Go over the records and copy every line with the string "assumes".

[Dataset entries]
=======
(* $\Omega(\log\log n)$ bits of advice are required for a deterministic online algorithm to achieve an asymptotic approximation ratio greater than $1/2$ for online one-sided bipartite matching, even when the algorithm is given $n$ in advance. More precisely, no online algorithm using $\log\log n-\log\log\log n$ bits of advice (and knowing $n$) achieves an asymptotic approximation ratio greater than $1/2$.
   Context: Online one-sided bipartite matching: offline vertices are known in advance; $n$ online vertices arrive one at a time in adversarial order, each with its set of offline neighbours, and must be irrevocably matched to an unmatched neighbour or left unmatched; the goal is a maximum-size matching. An online algorithm with $b$ bits of advice may read a binary advice string of length $b$ written before the input is processed by an oracle that knows the whole input and has unbounded computational power. The asymptotic approximation ratio of $\mathbb{A}$ is $\liminf_{n}\inf_{I\in\mathcal{I}_n} v(\mathbb{A},I)/v(I)$, with $v(I)$ the maximum matching size. *)

theory Defs
  imports Complex_Main "HOL-Library.Extended_Real" "HOL-Library.Liminf_Limsup"
begin

text \<open>Instances: a finite set U of offline vertices (natural numbers) and a list G of
  neighbour sets; G ! i is the neighbourhood of the i-th arriving online vertex.
  The list order is the (adversarial) arrival order; n = length G.\<close>

definition valid_instance :: "nat set \<Rightarrow> nat set list \<Rightarrow> bool" where
  "valid_instance U G \<longleftrightarrow> finite U \<and> (\<forall>x \<in> set G. x \<subseteq> U)"

definition is_matching :: "nat set \<Rightarrow> nat set list \<Rightarrow> (nat \<times> nat) set \<Rightarrow> bool" where
  "is_matching U G M \<longleftrightarrow>
     M \<subseteq> {..<length G} \<times> U \<and>
     (\<forall>(i,u) \<in> M. u \<in> G ! i) \<and>
     (\<forall>(i,u) \<in> M. \<forall>(j,w) \<in> M. (i = j \<longleftrightarrow> u = w))"

definition opt :: "nat set \<Rightarrow> nat set list \<Rightarrow> nat" where
  "opt U G = Max (card ` {M. is_matching U G M})"

text \<open>A deterministic online algorithm with advice, knowing n in advance:
  A n advice U prefix x  is its decision for the current online vertex with neighbour
  set x, given n, the advice string, the offline vertex set U and the neighbour sets of
  the previously arrived online vertices (its own earlier decisions are determined by
  these). Some u = match to u, None = leave unmatched. An invalid choice (not an
  unmatched neighbour) is treated as leaving the vertex unmatched.\<close>
type_synonym online_alg = "nat \<Rightarrow> bool list \<Rightarrow> nat set \<Rightarrow> nat set list \<Rightarrow> nat set \<Rightarrow> nat option"

definition alg_step :: "online_alg \<Rightarrow> nat \<Rightarrow> bool list \<Rightarrow> nat set
    \<Rightarrow> nat set list \<times> nat set \<Rightarrow> nat set \<Rightarrow> nat set list \<times> nat set" where
  "alg_step A n adv U st x =
     (case A n adv U (fst st) x of
        Some u \<Rightarrow> if u \<in> x \<and> u \<in> U \<and> u \<notin> snd st
                  then (fst st @ [x], insert u (snd st)) else (fst st @ [x], snd st)
      | None \<Rightarrow> (fst st @ [x], snd st))"

definition alg_value :: "online_alg \<Rightarrow> bool list \<Rightarrow> nat set \<Rightarrow> nat set list \<Rightarrow> nat" where
  "alg_value A adv U G = card (snd (foldl (alg_step A (length G) adv U) ([], {}) G))"

definition advice_bits :: "nat \<Rightarrow> nat" where
  "advice_bits n = nat \<lfloor>log 2 (log 2 (real n)) - log 2 (log 2 (log 2 (real n)))\<rfloor>"

definition asymp_ratio :: "online_alg \<Rightarrow> (nat set \<Rightarrow> nat set list \<Rightarrow> bool list) \<Rightarrow> ereal" where
  "asymp_ratio A adv_of =
     liminf (\<lambda>n. INF I \<in> {(U, G). valid_instance U G \<and> length G = n \<and> opt U G > 0}.
        ereal (real (alg_value A (adv_of (fst I) (snd I)) (fst I) (snd I)) / real (opt (fst I) (snd I))))"

end

theory Submission
  imports Defs "HOL-Real_Asymp.Real_Asymp"
begin

text \<open>With b advice bits there are only 2^b candidate runs of the algorithm, and the adversary
  plays against all of them at once on n offline vertices. It keeps a list of distinct offline
  vertices us, the j-th being an optimal partner of the j-th request, so that OPT = n in the end.
  Among the fresh vertices (not yet in us) it looks for a set \<sigma> of runs and a class Z of fresh
  vertices matched by exactly the runs in \<sigma> with |Z| > |I - \<sigma>|. Requesting Z, the runs in \<sigma>
  cannot match, the others match at most one vertex each, so some u \<in> Z stays unmatched by all
  runs and becomes the next partner. Then the potential 2|M| + |fresh - M| of every run does not
  increase. If no such class exists, at most K = 2^b 2^(2^b) fresh vertices remain, and they are
  requested one at a time. Hence every run ends with 2|M| \<le> n + K, and K = o(n) because
  2^b \<le> log n / 2 and 2^(2^b) \<le> sqrt n.\<close>

definition matched :: "online_alg \<Rightarrow> nat \<Rightarrow> bool list \<Rightarrow> nat set \<Rightarrow> nat set list \<Rightarrow> nat set" where
  "matched A n adv U G = snd (foldl (alg_step A n adv U) ([], {}) G)"

lemma fst_foldl_alg_step: "fst (foldl (alg_step A n adv U) st G) = fst st @ G"
  by (induction G arbitrary: st) (auto simp: alg_step_def split: option.splits)

lemma matched_Nil [simp]: "matched A n adv U [] = {}"
  by (simp add: matched_def)

lemma matched_snoc: "matched A n adv U (G @ [Z]) =
  (case A n adv U G Z of
     Some w \<Rightarrow> if w \<in> Z \<and> w \<in> U \<and> w \<notin> matched A n adv U G
               then insert w (matched A n adv U G) else matched A n adv U G
   | None \<Rightarrow> matched A n adv U G)"
proof -
  define st where "st = foldl (alg_step A n adv U) ([], {}) G"
  have "fst st = G"
    using fst_foldl_alg_step[of A n adv U "([], {})" G] by (simp add: st_def)
  moreover have "matched A n adv U (G @ [Z]) = snd (alg_step A n adv U st Z)"
    by (simp add: matched_def st_def)
  ultimately show ?thesis
    by (simp add: alg_step_def matched_def st_def split: option.splits)
qed

lemma matched_snoc_cases:
  "matched A n adv U (G @ [Z]) = matched A n adv U G \<or>
   (\<exists>w\<in>Z. w \<notin> matched A n adv U G \<and> matched A n adv U (G @ [Z]) = insert w (matched A n adv U G))"
  unfolding matched_snoc by (auto split: option.splits)

lemma matched_subset: "matched A n adv U G \<subseteq> U"
  by (induction G rule: rev_induct) (auto simp: matched_snoc split: option.splits)

lemma alg_value_eq_card_matched: "alg_value A adv U G = card (matched A (length G) adv U G)"
  by (simp add: alg_value_def matched_def)

definition potential :: "'a set \<Rightarrow> 'a set \<Rightarrow> nat" where
  "potential N M = 2 * card M + card (N - M)"

lemma potential_remove_le_Suc:
  assumes "finite N" "finite M" "u \<in> N"
    and "M' = M \<or> (\<exists>w\<in>N. w \<notin> M \<and> M' = insert w M)"
  shows "potential (N - {u}) M' \<le> Suc (potential N M)"
  using assms(4)
proof
  assume "M' = M"
  then show ?thesis
    using assms by (auto simp: potential_def intro!: le_SucI card_mono)
next
  assume "\<exists>w\<in>N. w \<notin> M \<and> M' = insert w M"
  then obtain w where w: "w \<in> N" "w \<notin> M" "M' = insert w M" by blast
  have "card (N - {u} - M') \<le> card (N - M - {w})"
    using w assms by (intro card_mono) auto
  moreover have "card (N - M) > 0" using w assms by (auto simp: card_gt_0_iff)
  ultimately show ?thesis
    using w assms by (simp add: potential_def)
qed

lemma potential_remove_le:
  assumes "finite N" "finite M" "u \<in> N"
    and "M' = M \<or> (\<exists>w\<in>N. w \<notin> M \<and> M' = insert w M)"
    and "M' \<noteq> M \<longrightarrow> u \<notin> M'"
  shows "potential (N - {u}) M' \<le> potential N M"
  using assms(4)
proof
  assume "M' = M"
  then show ?thesis
    using assms by (simp add: potential_def card_mono Diff_mono)
next
  assume "\<exists>w\<in>N. w \<notin> M \<and> M' = insert w M"
  then obtain w where w: "w \<in> N" "w \<notin> M" "M' = insert w M" by blast
  then have "{w, u} \<subseteq> N - M" "u \<noteq> w" using assms by auto
  moreover have "N - {u} - M' = (N - M) - {w, u}" using w by auto
  ultimately have "card (N - {u} - M') = card (N - M) - 2" "card (N - M) \<ge> 2"
    using assms card_mono[of "N - M" "{w, u}"] by (auto simp: card_Diff_subset)
  then show ?thesis
    using w assms by (simp add: potential_def)
qed

lemma card_le_if_membership_classes_small:
  fixes M :: "'i \<Rightarrow> 'a set"
  assumes "finite I" "finite N"
    and small: "\<And>\<sigma>. \<sigma> \<subseteq> I \<Longrightarrow> card {v\<in>N. \<forall>i\<in>I. v \<in> M i \<longleftrightarrow> i \<in> \<sigma>} \<le> card (I - \<sigma>)"
  shows "card N \<le> card I * 2 ^ card I"
proof -
  let ?C = "\<lambda>\<sigma>. {v\<in>N. \<forall>i\<in>I. v \<in> M i \<longleftrightarrow> i \<in> \<sigma>}"
  have "N \<subseteq> (\<Union>\<sigma>\<in>Pow I. ?C \<sigma>)"
  proof
    fix v assume "v \<in> N"
    then have "v \<in> ?C {i\<in>I. v \<in> M i}" by simp
    then show "v \<in> (\<Union>\<sigma>\<in>Pow I. ?C \<sigma>)" by (intro UN_I[of "{i\<in>I. v \<in> M i}"]) auto
  qed
  then have "card N \<le> card (\<Union>\<sigma>\<in>Pow I. ?C \<sigma>)"
    using assms by (intro card_mono finite_UN_I) auto
  also have "\<dots> \<le> (\<Sum>\<sigma>\<in>Pow I. card (?C \<sigma>))"
    using assms by (intro card_UN_le) simp
  also have "\<dots> \<le> (\<Sum>\<sigma>\<in>Pow I. card I)"
  proof (rule sum_mono)
    fix \<sigma> assume "\<sigma> \<in> Pow I"
    then have "card (?C \<sigma>) \<le> card (I - \<sigma>)" using small by simp
    also have "\<dots> \<le> card I" using assms(1) by (simp add: card_mono)
    finally show "card (?C \<sigma>) \<le> card I" .
  qed
  also have "\<dots> = card I * 2 ^ card I"
    using assms by (simp add: card_Pow)
  finally show ?thesis .
qed

text \<open>The runs in \<sigma> have already matched all of Z and cannot move; each other run claims at
  most one vertex of Z, so some vertex of Z is claimed by none.\<close>
lemma exists_unclaimed_vertex:
  fixes M M' :: "'i \<Rightarrow> 'a set"
  assumes "finite I" "\<sigma> \<subseteq> I"
    and Z: "Z = {v\<in>N. \<forall>i\<in>I. v \<in> M i \<longleftrightarrow> i \<in> \<sigma>}" "card (I - \<sigma>) < card Z"
    and step: "\<And>i. i \<in> I \<Longrightarrow> M' i = M i \<or> (\<exists>w\<in>Z. w \<notin> M i \<and> M' i = insert w (M i))"
  shows "\<exists>u\<in>Z. \<forall>i\<in>I. M' i \<noteq> M i \<longrightarrow> u \<notin> M' i"
proof -
  define W where "W = (\<Union>i\<in>I - \<sigma>. M' i - M i)"
  have new: "finite (M' i - M i) \<and> card (M' i - M i) \<le> 1" if "i \<in> I" for i
    using step[OF that] by (auto simp: insert_Diff_if)
  then have "finite W" unfolding W_def using assms(1) by auto
  have "card W \<le> (\<Sum>i\<in>I - \<sigma>. 1)"
    unfolding W_def using assms(1) new by (intro card_UN_le[THEN order_trans] sum_mono) auto
  then have "card W < card Z" using Z by simp
  then obtain u where u: "u \<in> Z" "u \<notin> W"
    using card_mono[OF \<open>finite W\<close>, of Z] by (meson leD subsetI)
  have "u \<notin> M' i" if "i \<in> I" "M' i \<noteq> M i" for i
  proof -
    have "i \<notin> \<sigma>"
    proof
      assume "i \<in> \<sigma>"
      then have "Z \<subseteq> M i" using Z \<open>i \<in> I\<close> by auto
      then show False using step[OF \<open>i \<in> I\<close>] \<open>M' i \<noteq> M i\<close> by blast
    qed
    then show ?thesis using u that Z by (auto simp: W_def)
  qed
  then show ?thesis using u by blast
qed

text \<open>us ! j is the optimal partner of request G ! j, and the vertices of {..<n} outside us are
  fresh. The min-term pays for the at most K fresh vertices that are requested singly at the end.\<close>
definition adversary_state ::
    "online_alg \<Rightarrow> nat \<Rightarrow> bool list set \<Rightarrow> nat \<Rightarrow> nat set list \<Rightarrow> nat list \<Rightarrow> bool" where
  "adversary_state A n I K G us \<longleftrightarrow>
     length G = length us \<and> distinct us \<and> set us \<subseteq> {..<n} \<and>
     (\<forall>j<length us. us ! j \<in> G ! j) \<and> (\<forall>Z\<in>set G. Z \<subseteq> {..<n}) \<and>
     (\<forall>i\<in>I. potential ({..<n} - set us) (matched A n i {..<n} G)
              + min (card ({..<n} - set us)) K \<le> n + K)"

lemma adversary_state_Nil: "adversary_state A n I K [] []"
  by (simp add: adversary_state_def potential_def)

lemma adversary_state_snoc:
  assumes st: "adversary_state A n I K G us"
    and N: "N = {..<n} - set us" and Z: "Z \<subseteq> N" "u \<in> Z"
    and pot: "\<And>i. i \<in> I \<Longrightarrow>
      potential (N - {u}) (matched A n i {..<n} (G @ [Z])) + min (card (N - {u})) K
      \<le> potential N (matched A n i {..<n} G) + min (card N) K"
  shows "adversary_state A n I K (G @ [Z]) (us @ [u])"
proof -
  have "{..<n} - set (us @ [u]) = N - {u}" using N by auto
  then show ?thesis
    using st N Z pot[THEN order_trans]
    by (fastforce simp: adversary_state_def nth_append less_Suc_eq)
qed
=======
■ RESPONSE TO THE EXERCISE
  assumes "finite N" "finite M" "u \<in> N"
  assumes "finite N" "finite M" "u \<in> N"
  assumes "finite I" "finite N"
  assumes "finite I" "\<sigma> \<subseteq> I"
  assumes st: "adversary_state A n I K G us"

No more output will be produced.